Bounds for Hypergraph Universality

TL;DR

This paper extends bounds on the number of edges needed for hypergraphs to be universal for all D-degenerate r-uniform hypergraphs, generalizing known graph results with tight bounds up to polylogarithmic factors.

Contribution

It generalizes existing graph universality bounds to r-uniform hypergraphs, establishing near-optimal edge bounds for universality.

Findings

Established upper bounds for hypergraph universality with explicit edge counts.

Generalized graph universality results to hypergraphs with tight bounds.

Provided asymptotically optimal bounds up to polylogarithmic factors.

Abstract

A graph $\Gamma$ is said to be universal for a class of graphs $\mathcal{H}$ if $\Gamma$ contains a copy of every $H \in \mathcal{H}$ as a subgraph.

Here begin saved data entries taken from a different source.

lemma eigenvector_combination:
  fixes \<alpha> \<beta> :: real
  assumes ij: "i < n" "j < n" "i \<noteq> j"
  defines "y \<equiv> \<lambda>a. \<alpha> * v i a - \<beta> * v j a"
  shows "\<And>a. a < n \<Longrightarrow> mat_vec n N y a = (\<alpha> * d i) * v i a - (\<beta> * d j) * v j a"
    and "dot n y y = \<alpha>\<^sup>2 + \<beta>\<^sup>2"
    and "dot n (mat_vec n N y) y = \<alpha>\<^sup>2 * d i + \<beta>\<^sup>2 * d j"
proof -
  have o: "dot n (v i) (v i) = 1" "dot n (v j) (v j) = 1" "dot n (v i) (v j) = 0" "dot n (v j) (v i) = 0"
    using dot_basis ij by auto
  show Ny: "mat_vec n N y a = (\<alpha> * d i) * v i a - (\<beta> * d j) * v j a" if a: "a < n" for a
  proof -
    have "mat_vec n N y a = \<alpha> * mat_vec n N (v i) a - \<beta> * mat_vec n N (v j) a"
      unfolding y_def mat_vec_def by (simp add: sum_subtractf sum_distrib_left algebra_simps)
    thus ?thesis using eigen ij a by simp
  qed
  show "dot n y y = \<alpha>\<^sup>2 + \<beta>\<^sup>2" unfolding y_def dot_diff_diff o by (simp add: power2_eq_square)
  have "dot n (mat_vec n N y) y = dot n (\<lambda>a. (\<alpha> * d i) * v i a - (\<beta> * d j) * v j a) y"
    by (rule dot_cong) (use Ny in auto)
  also have "\<dots> = \<alpha>\<^sup>2 * d i + \<beta>\<^sup>2 * d j"
    unfolding y_def dot_diff_diff o by (simp add: power2_eq_square)
  finally show "dot n (mat_vec n N y) y = \<alpha>\<^sup>2 * d i + \<beta>\<^sup>2 * d j" .
qed

text \<open>Of two eigenvectors with eigenvalues at least \<open>lambda2 M\<close>, a suitable combination is
  orthogonal to \<open>u\<close>.\<close>

lemma lambda2_rayleigh_witness:
  assumes "2 \<le> n"
  obtains y where "dot n y u = 0" "dot n y y > 0" "lambda2 M * dot n y y \<le> dot n (mat_vec n N y) y"
    and "lambda2 M = 1 \<Longrightarrow> \<forall>a<n. mat_vec n N y a = y a"
proof -
  obtain i j where ij: "i < n" "j < n" "i \<noteq> j" "lambda2 M \<le> d i" "lambda2 M \<le> d j"
    using two_eigenvalues_ge_lambda2[OF assms] by blast
  have d1: "d i = 1" "d j = 1" if "lambda2 M = 1"
    using that ij eigenvalue_bounds[of i] eigenvalue_bounds[of j] by auto
  define \<alpha> where "\<alpha> = dot n u (v j)"
  define \<beta> where "\<beta> = dot n u (v i)"
  define y where "y = (\<lambda>a. \<alpha> * v i a - \<beta> * v j a)"
  note y = eigenvector_combination[OF ij(1-3), where \<alpha>=\<alpha> and \<beta>=\<beta>, folded y_def]
  have "dot n y u = \<alpha> * dot n (v i) u - \<beta> * dot n (v j) u"
    unfolding y_def dot_def by (simp add: sum_subtractf sum_distrib_left algebra_simps)
  hence yu: "dot n y u = 0" unfolding \<alpha>_def \<beta>_def by (simp add: dot_commute)
  have "lambda2 M * \<alpha>\<^sup>2 \<le> d i * \<alpha>\<^sup>2" "lambda2 M * \<beta>\<^sup>2 \<le> d j * \<beta>\<^sup>2"
    using ij by (intro mult_right_mono; simp)+
  hence y_rayleigh: "lambda2 M * dot n y y \<le> dot n (mat_vec n N y) y"
    unfolding y(2,3) by (simp add: distrib_left mult.commute)
  have y_fixed: "\<forall>a<n. mat_vec n N y a = y a" if "lambda2 M = 1"
    using y(1) d1[OF that] unfolding y_def by simp
  show ?thesis
  proof (cases "\<alpha> = 0 \<and> \<beta> = 0")
    case True
    show ?thesis
    proof (rule that[of "v i"])
      show "dot n (v i) u = 0" using True unfolding \<beta>_def by (simp add: dot_commute)
      show "dot n (v i) (v i) > 0" "lambda2 M * dot n (v i) (v i) \<le> dot n (mat_vec n N (v i)) (v i)"
        using dot_mat_vec_basis[of i "v i"] dot_basis ij by simp_all
      show "\<forall>a<n. mat_vec n N (v i) a = v i a" if "lambda2 M = 1"
        using d1[OF that] eigen ij by simp
    qed
  next
    case False
    hence "dot n y y > 0" unfolding y(2) by (simp add: sum_power2_gt_zero_iff)
    thus ?thesis using that yu y_rayleigh y_fixed by blast
  qed
qed

lemma lambda2_le_rayleigh_bound:
  assumes c: "0 \<le> c" and bound: "\<And>x. dot n x u = 0 \<Longrightarrow> dot n (mat_vec n N x) x \<le> c * dot n x x"
  shows "lambda2 M \<le> c"
proof (cases "n < 2")
  case True thus ?thesis using lambda2_eq_0_if_lt_2 c by simp
next
  case False
  then obtain y where y: "dot n y u = 0" "dot n y y > 0"
    "lambda2 M * dot n y y \<le> dot n (mat_vec n N y) y"
    using lambda2_rayleigh_witness by (metis not_le)
  hence "lambda2 M * dot n y y \<le> c * dot n y y" using bound[OF y(1)] by linarith
  thus ?thesis using y(2) by simp
qed

end

section \<open>Stochastic matrices with a stationary distribution\<close>

lemma weighted_mean_square_le:
  fixes w y :: "nat \<Rightarrow> real"
  assumes w: "\<And>j. j < n \<Longrightarrow> w j \<ge> 0" and s: "(\<Sum>j<n. w j) = 1"
  shows "(\<Sum>j<n. w j * y j)\<^sup>2 \<le> (\<Sum>j<n. w j * (y j)\<^sup>2)"
proof -
  define m where "m = (\<Sum>j<n. w j * y j)"
  have "0 \<le> (\<Sum>j<n. w j * (y j - m)\<^sup>2)" using w by (intro sum_nonneg) auto
  also have "\<dots> = (\<Sum>j<n. w j * (y j)\<^sup>2) - 2 * m * (\<Sum>j<n. w j * y j) + m\<^sup>2 * (\<Sum>j<n. w j)"
    by (simp add: power2_diff algebra_simps sum.distrib sum_subtractf sum_distrib_left sum_distrib_right)
  also have "\<dots> = (\<Sum>j<n. w j * (y j)\<^sup>2) - m\<^sup>2" unfolding s m_def[symmetric] by (simp add: power2_eq_square)
  finally show ?thesis unfolding m_def by simp
qed

text \<open>Maximum principle: a harmonic function of a positive stochastic kernel attains its maximum at
  some state, and averaging with positive weights forces all values to equal it.\<close>

lemma positive_stochastic_harmonic_const:
  fixes W :: "nat \<Rightarrow> nat \<Rightarrow> real" and g :: "nat \<Rightarrow> real"
  assumes pos: "\<And>i j. i < n \<Longrightarrow> j < n \<Longrightarrow> W i j > 0"
    and rows: "\<And>i. i < n \<Longrightarrow> (\<Sum>j<n. W i j) = 1"
    and harmonic: "\<And>i. i < n \<Longrightarrow> (\<Sum>j<n. W i j * g j) = g i"
    and j: "j < n"
  shows "g j = g 0"
proof -
  have ne: "g ` {..<n} \<noteq> {}" using j by auto
  obtain i where i: "i < n" "g i = Max (g ` {..<n})" using Max_in[OF _ ne] by auto
  have le: "g k \<le> g i" if "k < n" for k using i that by simp
  have "(\<Sum>k<n. W i k * (g i - g k)) = g i * (\<Sum>k<n. W i k) - (\<Sum>k<n. W i k * g k)"
    by (simp add: algebra_simps sum_subtractf sum_distrib_left)
  also have "\<dots> = 0" using rows[OF i(1)] harmonic[OF i(1)] by simp
  finally have "\<forall>k\<in>{..<n}. W i k * (g i - g k) = 0"
    by (subst (asm) sum_nonneg_eq_0_iff) (use le pos[OF i(1)] in \<open>auto simp: less_imp_le\<close>)
  hence eq: "g k = g i" if "k < n" for k using pos[OF i(1) that] that by force
  show ?thesis using eq[OF j] eq[of 0] j by simp
qed

definition stochastic_with_stationary :: "nat \<Rightarrow> (nat \<Rightarrow> real) \<Rightarrow> real mat \<Rightarrow> bool" where
  "stochastic_with_stationary n \<pi> R \<longleftrightarrow> R \<in> carrier_mat n n \<and> (\<forall>i<n. \<forall>j<n. R $$ (i,j) \<ge> 0) \<and>
     (\<forall>i<n. (\<Sum>j<n. R $$ (i,j)) = 1) \<and> (\<forall>j<n. (\<Sum>i<n. \<pi> i * R $$ (i,j)) = \<pi> j)"

text \<open>Conjugation by \<open>diag (sqrt \<pi>)\<close> turns \<open>\<ell>\<^sub>2(\<pi>)\<close> into the Euclidean space and the
  time reversal into the transpose.\<close>

definition sqrt_conj :: "nat \<Rightarrow> (nat \<Rightarrow> real) \<Rightarrow> real mat \<Rightarrow> real mat" where
  "sqrt_conj n \<pi> A = mat n n (\<lambda>(i,j). sqrt (\<pi> i) * A $$ (i,j) / sqrt (\<pi> j))"

definition sqrt_dist :: "(nat \<Rightarrow> real) \<Rightarrow> nat \<Rightarrow> real" where
  "sqrt_dist \<pi> = (\<lambda>i. sqrt (\<pi> i))"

The number of edges required for a host graph $\Gamma$ to be universal for the class of $D$-degenerate graphs on $n$ vertices has been shown to be $O(n^{2-1/D}(\log n)^{2/D}(\log\log n)^{5})$. We generalise this result to $r$-uniform hypergraphs, showing the following. Given $D, r \ge 2$ and $n$ sufficiently large, there exists a constant $C = C(D, r)$ such that there exists a graph with at most \[Cn^{r-1/D}(\log n)^{2/D}(\log\log n)^{2r+1}\] edges which is universal for the class of $D$-degenerate $r$-uniform hypergraphs on $n$ vertices. This is tight up to the polylogarithmic term.